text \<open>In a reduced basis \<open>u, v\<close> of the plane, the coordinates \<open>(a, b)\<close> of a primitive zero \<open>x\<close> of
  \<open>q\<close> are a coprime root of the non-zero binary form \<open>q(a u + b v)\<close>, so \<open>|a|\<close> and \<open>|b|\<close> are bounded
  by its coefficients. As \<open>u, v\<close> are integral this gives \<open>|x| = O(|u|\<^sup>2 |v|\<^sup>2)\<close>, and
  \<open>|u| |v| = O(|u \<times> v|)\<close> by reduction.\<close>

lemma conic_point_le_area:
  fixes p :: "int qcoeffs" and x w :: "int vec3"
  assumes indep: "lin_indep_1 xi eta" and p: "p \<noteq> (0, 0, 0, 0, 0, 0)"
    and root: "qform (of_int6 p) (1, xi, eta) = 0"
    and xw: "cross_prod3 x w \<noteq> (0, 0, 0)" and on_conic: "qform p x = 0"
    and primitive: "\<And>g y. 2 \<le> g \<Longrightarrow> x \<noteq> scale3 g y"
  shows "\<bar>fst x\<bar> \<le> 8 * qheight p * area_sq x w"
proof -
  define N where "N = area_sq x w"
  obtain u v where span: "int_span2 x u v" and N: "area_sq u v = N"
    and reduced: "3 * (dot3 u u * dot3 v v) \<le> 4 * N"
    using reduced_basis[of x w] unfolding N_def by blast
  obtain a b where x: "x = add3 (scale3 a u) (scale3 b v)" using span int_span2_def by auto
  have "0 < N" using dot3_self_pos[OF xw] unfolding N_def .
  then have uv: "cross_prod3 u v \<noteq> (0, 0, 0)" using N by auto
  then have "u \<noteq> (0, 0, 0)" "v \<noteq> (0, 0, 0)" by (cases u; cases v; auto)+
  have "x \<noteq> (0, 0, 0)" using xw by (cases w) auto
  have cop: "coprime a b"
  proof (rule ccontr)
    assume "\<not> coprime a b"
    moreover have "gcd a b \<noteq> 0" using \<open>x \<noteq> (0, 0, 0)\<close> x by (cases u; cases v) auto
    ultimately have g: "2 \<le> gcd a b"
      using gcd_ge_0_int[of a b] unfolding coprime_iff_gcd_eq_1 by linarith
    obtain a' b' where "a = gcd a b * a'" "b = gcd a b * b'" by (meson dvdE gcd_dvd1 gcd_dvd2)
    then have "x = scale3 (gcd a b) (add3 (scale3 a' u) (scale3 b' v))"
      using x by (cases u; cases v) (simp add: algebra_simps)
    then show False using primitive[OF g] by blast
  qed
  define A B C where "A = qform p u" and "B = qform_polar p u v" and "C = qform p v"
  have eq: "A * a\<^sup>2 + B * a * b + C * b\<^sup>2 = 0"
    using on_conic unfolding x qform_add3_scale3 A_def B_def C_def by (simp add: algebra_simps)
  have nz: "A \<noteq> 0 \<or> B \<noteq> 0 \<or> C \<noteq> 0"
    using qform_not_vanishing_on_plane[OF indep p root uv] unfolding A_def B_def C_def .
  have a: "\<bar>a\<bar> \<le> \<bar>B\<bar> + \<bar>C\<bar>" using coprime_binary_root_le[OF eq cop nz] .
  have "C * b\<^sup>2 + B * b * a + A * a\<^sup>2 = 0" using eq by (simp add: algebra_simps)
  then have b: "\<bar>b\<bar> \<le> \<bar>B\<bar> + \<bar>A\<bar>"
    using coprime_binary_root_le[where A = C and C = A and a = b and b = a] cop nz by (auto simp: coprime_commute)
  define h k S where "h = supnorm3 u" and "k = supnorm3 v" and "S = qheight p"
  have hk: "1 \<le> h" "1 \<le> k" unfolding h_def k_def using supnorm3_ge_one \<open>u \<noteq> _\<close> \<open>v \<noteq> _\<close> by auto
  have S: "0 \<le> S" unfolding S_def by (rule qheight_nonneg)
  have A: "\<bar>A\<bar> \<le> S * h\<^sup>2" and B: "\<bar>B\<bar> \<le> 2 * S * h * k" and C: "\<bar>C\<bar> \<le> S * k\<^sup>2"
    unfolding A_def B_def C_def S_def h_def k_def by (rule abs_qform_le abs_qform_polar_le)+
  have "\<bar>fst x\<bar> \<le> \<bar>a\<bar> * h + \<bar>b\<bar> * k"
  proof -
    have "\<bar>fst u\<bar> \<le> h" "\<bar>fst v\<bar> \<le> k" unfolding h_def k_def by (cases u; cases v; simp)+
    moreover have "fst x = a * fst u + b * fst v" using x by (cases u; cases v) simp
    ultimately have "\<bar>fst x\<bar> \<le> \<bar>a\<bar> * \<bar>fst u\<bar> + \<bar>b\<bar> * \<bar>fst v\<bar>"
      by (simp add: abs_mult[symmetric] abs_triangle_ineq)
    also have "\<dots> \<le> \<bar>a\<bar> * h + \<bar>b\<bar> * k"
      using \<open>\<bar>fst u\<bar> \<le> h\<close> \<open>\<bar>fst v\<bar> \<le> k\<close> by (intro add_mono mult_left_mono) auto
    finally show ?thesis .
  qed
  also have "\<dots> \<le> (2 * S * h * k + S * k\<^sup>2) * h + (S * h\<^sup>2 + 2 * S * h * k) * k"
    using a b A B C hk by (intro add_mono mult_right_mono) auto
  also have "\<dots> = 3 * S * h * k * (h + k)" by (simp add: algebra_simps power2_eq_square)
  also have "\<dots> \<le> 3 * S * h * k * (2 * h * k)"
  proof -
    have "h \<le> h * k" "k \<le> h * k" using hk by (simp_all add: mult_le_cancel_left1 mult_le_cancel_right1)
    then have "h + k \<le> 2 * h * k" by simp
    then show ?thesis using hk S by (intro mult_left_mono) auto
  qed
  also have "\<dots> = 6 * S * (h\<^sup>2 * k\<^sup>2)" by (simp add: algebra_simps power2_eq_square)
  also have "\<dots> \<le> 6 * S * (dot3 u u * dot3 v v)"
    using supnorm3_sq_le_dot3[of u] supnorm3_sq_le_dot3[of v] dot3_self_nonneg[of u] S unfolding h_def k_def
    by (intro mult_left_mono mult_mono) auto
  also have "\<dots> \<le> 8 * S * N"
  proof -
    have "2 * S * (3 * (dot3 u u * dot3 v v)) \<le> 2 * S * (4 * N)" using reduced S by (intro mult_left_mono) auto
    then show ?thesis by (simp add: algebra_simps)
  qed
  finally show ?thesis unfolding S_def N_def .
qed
::::
■ **TRY IT**
What is needed here is an exact transcription of the records above.

■ **ANSWER FOR THIS EXERCISE**
text \<open>In a reduced basis \<open>u, v\<close> of the plane, the coordinates \<open>(a, b)\<close> of a primitive zero \<open>x\<close> of
  \<open>q\<close> are a coprime root of the non-zero binary form \<open>q(a u + b v)\<close>, so \<open>|a|\<close> and \<open>|b|\<close> are bounded
  by its coefficients. As \<open>u, v\<close> are integral this gives \<open>|x| = O(|u|\<^sup>2 |v|\<^sup>2)\<close>, and
  \<open>|u| |v| = O(|u \<times> v|)\<close> by reduction.\<close>

lemma conic_point_le_area:
  fixes p :: "int qcoeffs" and x w :: "int vec3"
  assumes indep: "lin_indep_1 xi eta" and p: "p \<noteq> (0, 0, 0, 0, 0, 0)"
    and root: "qform (of_int6 p) (1, xi, eta) = 0"
    and xw: "cross_prod3 x w \<noteq> (0, 0, 0)" and on_conic: "qform p x = 0"
    and primitive: "\<And>g y. 2 \<le> g \<Longrightarrow> x \<noteq> scale3 g y"
  shows "\<bar>fst x\<bar> \<le> 8 * qheight p * area_sq x w"
proof -
  define N where "N = area_sq x w"
  obtain u v where span: "int_span2 x u v" and N: "area_sq u v = N"
    and reduced: "3 * (dot3 u u * dot3 v v) \<le> 4 * N"
    using reduced_basis[of x w] unfolding N_def by blast
  obtain a b where x: "x = add3 (scale3 a u) (scale3 b v)" using span int_span2_def by auto
  have "0 < N" using dot3_self_pos[OF xw] unfolding N_def .
  then have uv: "cross_prod3 u v \<noteq> (0, 0, 0)" using N by auto
  then have "u \<noteq> (0, 0, 0)" "v \<noteq> (0, 0, 0)" by (cases u; cases v; auto)+
  have "x \<noteq> (0, 0, 0)" using xw by (cases w) auto
  have cop: "coprime a b"
  proof (rule ccontr)
    assume "\<not> coprime a b"
    moreover have "gcd a b \<noteq> 0" using \<open>x \<noteq> (0, 0, 0)\<close> x by (cases u; cases v) auto
    ultimately have g: "2 \<le> gcd a b"
      using gcd_ge_0_int[of a b] unfolding coprime_iff_gcd_eq_1 by linarith
    obtain a' b' where "a = gcd a b * a'" "b = gcd a b * b'" by (meson dvdE gcd_dvd1 gcd_dvd2)
    then have "x = scale3 (gcd a b) (add3 (scale3 a' u) (scale3 b' v))"
      using x by (cases u; cases v) (simp add: algebra_simps)
    then show False using primitive[OF g] by blast
  qed
  define A B C where "A = qform p u" and "B = qform_polar p u v" and "C = qform p v"
  have eq: "A * a\<^sup>2 + B * a * b + C * b\<^sup>2 = 0"
    using on_conic unfolding x qform_add3_scale3 A_def B_def C_def by (simp add: algebra_simps)
  have nz: "A \<noteq> 0 \<or> B \<noteq> 0 \<or> C \<noteq> 0"
    using qform_not_vanishing_on_plane[OF indep p root uv] unfolding A_def B_def C_def .
  have a: "\<bar>a\<bar> \<le> \<bar>B\<bar> + \<bar>C\<bar>" using coprime_binary_root_le[OF eq cop nz] .
  have "C * b\<^sup>2 + B * b * a + A * a\<^sup>2 = 0" using eq by (simp add: algebra_simps)
  then have b: "\<bar>b\<bar> \<le> \<bar>B\<bar> + \<bar>A\<bar>"
    using coprime_binary_root_le[where A = C and C = A and a = b and b = a] cop nz by (auto simp: coprime_commute)
  define h k S where "h = supnorm3 u" and "k = supnorm3 v" and "S = qheight p"
  have hk: "1 \<le> h" "1 \<le> k" unfolding h_def k_def using supnorm3_ge_one \<open>u \<noteq> _\<close> \<open>v \<noteq> _\<close> by auto
  have S: "0 \<le> S" unfolding S_def by (rule qheight_nonneg)
  have A: "\<bar>A\<bar> \<le> S * h\<^sup>2" and B: "\<bar>B\<bar> \<le> 2 * S * h * k" and C: "\<bar>C\<bar> \<le> S * k\<^sup>2"
    unfolding A_def B_def C_def S_def h_def k_def by (rule abs_qform_le abs_qform_polar_le)+
  have "\<bar>fst x\<bar> \<le> \<bar>a\<bar> * h + \<bar>b\<bar> * k"
  proof -
    have "\<bar>fst u\<bar> \<le> h" "\<bar>fst v\<bar> \<le> k" unfolding h_def k_def by (cases u; cases v; simp)+
    moreover have "fst x = a * fst u + b * fst v" using x by (cases u; cases v) simp
    ultimately have "\<bar>fst x\<bar> \<le> \<bar>a\<bar> * \<bar>fst u\<bar> + \<bar>b\<bar> * \<bar>fst v\<bar>"
      by (simp add: abs_mult[symmetric] abs_triangle_ineq)
    also have "\<dots> \<le> \<bar>a\<bar> * h + \<bar>b\<bar> * k"
      using \<open>\<bar>fst u\<bar> \<le> h\<close> \<open>\<bar>fst v\<bar> \<le> k\<close> by (intro add_mono mult_left_mono) auto
    finally show ?thesis .
  qed
  also have "\<dots> \<le> (2 * S * h * k + S * k\<^sup>2) * h + (S * h\<^sup>2 + 2 * S * h * k) * k"
    using a b A B C hk by (intro add_mono mult_right_mono) auto
  also have "\<dots> = 3 * S * h * k * (h + k)" by (simp add: algebra_simps power2_eq_square)
  also have "\<dots> \<le> 3 * S * h * k * (2 * h * k)"
  proof -
    have "h \<le> h * k" "k \<le> h * k" using hk by (simp_all add: mult_le_cancel_left1 mult_le_cancel_right1)
    then have "h + k \<le> 2 * h * k" by simp
    then show ?thesis using hk S by (intro mult_left_mono) auto
  qed
  also have "\<dots> = 6 * S * (h\<^sup>2 * k\<^sup>2)" by (simp add: algebra_simps power2_eq_square)
  also have "\<dots> \<le> 6 * S * (dot3 u u * dot3 v v)"
    using supnorm3_sq_le_dot3[of u] supnorm3_sq_le_dot3[of v] dot3_self_nonneg[of u] S unfolding h_def k_def
    by (intro mult_left_mono mult_mono) auto
  also have "\<dots> \<le> 8 * S * N"
  proof -
    have "2 * S * (3 * (dot3 u u * dot3 v v)) \<le> 2 * S * (4 * N)" using reduced S by (intro mult_left_mono) auto
    then show ?thesis by (simp add: algebra_simps)
  qed
  finally show ?thesis unfolding S_def N_def .
qed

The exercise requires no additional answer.